US 11,693,706 B2
	System and method for dynamic scheduling of distributed deep learning training jobs
Timothy Capes, Toronto (CA); Iqbal Mohomed, Toronto (CA); Vishal Raheja, Vancouver (CA); and Mete Kemertas, Toronto (CA)
Assigned to SAMSUNG ELECTRONICS CO., LTD., Suwon-si (KR)
Filed by SAMSUNG ELECTRONICS CO., LTD., Gyeonggi-do (KR)
Filed on Nov. 21, 2019, as Appl. No. 16/690,999.
Claims priority of provisional application 62/770,377, filed on Nov. 21, 2018.
Prior Publication US 2020/0159589 A1, May 21, 2020
Int. Cl. G06F 9/50 (2006.01); G06V 10/82 (2022.01); G06N 3/08 (2023.01); G06N 7/08 (2006.01); G06F 18/214 (2023.01); G06N 5/01 (2023.01); G06V 10/764 (2022.01); G06V 10/94 (2022.01); G06V 10/96 (2022.01); G06N 3/084 (2023.01)

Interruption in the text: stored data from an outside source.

lemma column_key_inj_up_to_sign:
  assumes "i < n" "j < n"
    and "column_key i = column_key j \<or> column_key i = - column_key j"
  shows "i = j"
proof (rule ccontr)
  assume "i \<noteq> j"
  obtain u :: 4 where u: "u = 1 \<or> u = -1"
    and key: "\<And>l. fst (column_key i) l = u * fst (column_key j) l"
      "\<And>l. snd (column_key i) l = u * snd (column_key j) l"
  proof (cases "column_key i = column_key j")
    case True
    then show ?thesis by (intro that[of 1]) simp_all
  next
    case False
    with assms(3) show ?thesis by (intro that[of "-1"]) simp_all
  qed
  have "y i - u * y j = 0" if "y \<in> C" for y
  proof (rule additive_functional_vanishes[where L = "\<lambda>x. x i - u * x j"])
    show "(x + y) i - u * (x + y) j = (x i - u * x j) + (y i - u * y j)" for x y :: "nat \<Rightarrow> 4"
      by (simp add: algebra_simps)
    show "g (gen4 l) i - u * g (gen4 l) j = 0" if "l < k1" for l
      using key(1)[of l] that by (simp add: column_key_def)
    show "g (gen2 l) i - u * g (gen2 l) j = 0" if "l < k2" for l
      using key(2)[of l] that by (simp add: column_key_def)
  qed (rule that)
  then show False
    using projective_code_coordinates_not_associated[OF projective assms(1,2) \<open>i \<noteq> j\<close> u] by simp
qed

lemma double_length_le_card_key_space: "2 * n \<le> card (key_space k1 k2)"
proof -
  let ?T = "column_key ` {..<n}"
  have "inj_on column_key {..<n}"
    by (rule inj_onI) (use column_key_inj_up_to_sign in blast)
  then have "card ?T = n"
    by (simp add: card_image)
  moreover have "2 * card ?T \<le> card (key_space k1 k2)"
  proof (rule double_card_le_if_disjoint_uminus)
    show "?T \<subseteq> key_space k1 k2"
      using column_key_in_key_space by blast
    then show "uminus ` ?T \<subseteq> key_space k1 k2"
      using uminus_key_space by blast
    show "?T \<inter> uminus ` ?T = {}"
    proof (rule ccontr)
      assume "?T \<inter> uminus ` ?T \<noteq> {}"
      then obtain i j where ij: "i < n" "j < n" and eq: "column_key i = - column_key j"
        by blast
      then have "i = j" using column_key_inj_up_to_sign by blast
      with eq have "- column_key i = column_key i" by simp
      then show False
        using uminus_key_space_neq column_key_in_key_space ij(1) by blast
    qed
  qed (rule finite_key_space)
  ultimately show ?thesis by simp
qed

end

theorem proposition4p2:
  fixes n k1 k2 :: nat and C :: "(nat \<Rightarrow> 4) set"
  assumes "z4_linear_code n C"
    and "code_type C k1 k2"
    and "projective_code n C"
  shows "n \<le> 2 ^ (2 * k1 + k2 - 1) - 2 ^ (k1 + k2 - 1)"
proof -
  obtain g where "code_parametrization k1 k2 C g"
    using assms(1,2) by (rule code_type_parametrization)
  then interpret projective_code_parametrization k1 k2 C g n
    using assms(3) by (intro projective_code_parametrization.intro projective_code_parametrization_axioms.intro)
  have "2 * n \<le> (4 ^ k1 - 2 ^ k1) * 2 ^ k2"
    using double_length_le_card_key_space by (simp add: card_key_space)
  then show ?thesis
    by (simp add: four_pow_diff_two_pow_eq)
qed

end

CPC G06F 9/5038 (2013.01) [G06F 9/5061 (2013.01); G06F 18/214 (2023.01); G06N 3/08 (2013.01); G06N 3/084 (2013.01); G06N 5/01 (2023.01); G06N 7/08 (2013.01); G06V 10/764 (2022.01); G06V 10/82 (2022.01); G06V 10/955 (2022.01); G06V 10/96 (2022.01)]

17 Claims

1. A method of scheduling a plurality of jobs to a plurality of processing units (PUs), wherein the plurality of jobs comprises J jobs, the J being two or more, and the plurality of PUs comprises C PUs, the C being two or more, the method comprising:

initializing by provisionally assigning one PU to each job of the plurality of jobs; and

iteratively identifying and provisionally assigning to determine an allocation from the plurality of PUs to the plurality of jobs, wherein the iteratively identifying and the provisionally assigning, within an iteration, comprises:

at a first step within the iteration, identifying a greatest Time Improvement for running of job per PU based on a doubling heuristic for providing with a doubling of a number of PUs assigned, wherein the iteratively identifying identifies, at the first step within the iteration, that the greatest Time Improvement is associated with a particular job of the iteration,

at a second step within the iteration, provisionally assigning to the particular job of the iteration, an additional first number of PUs, wherein the additional first number of PUs doubles a number of PUs provisionally assigned to the particular job of the iteration, and

stopping the iteratively identifying and the provisionally assigning when a stopping condition is reached, wherein the stopping condition comprises a condition that no more PUs can be further provisionally assigned to any job of the plurality of jobs,

wherein the Time Improvement is determined based on the number of PUs assigned to a j^thjob, training speed function of the j^thjob and estimated number of epochs needed to complete the j^thjob, wherein an epoch corresponds to one set of training data, and wherein j is evaluated from 1, . . . , J within any iteration.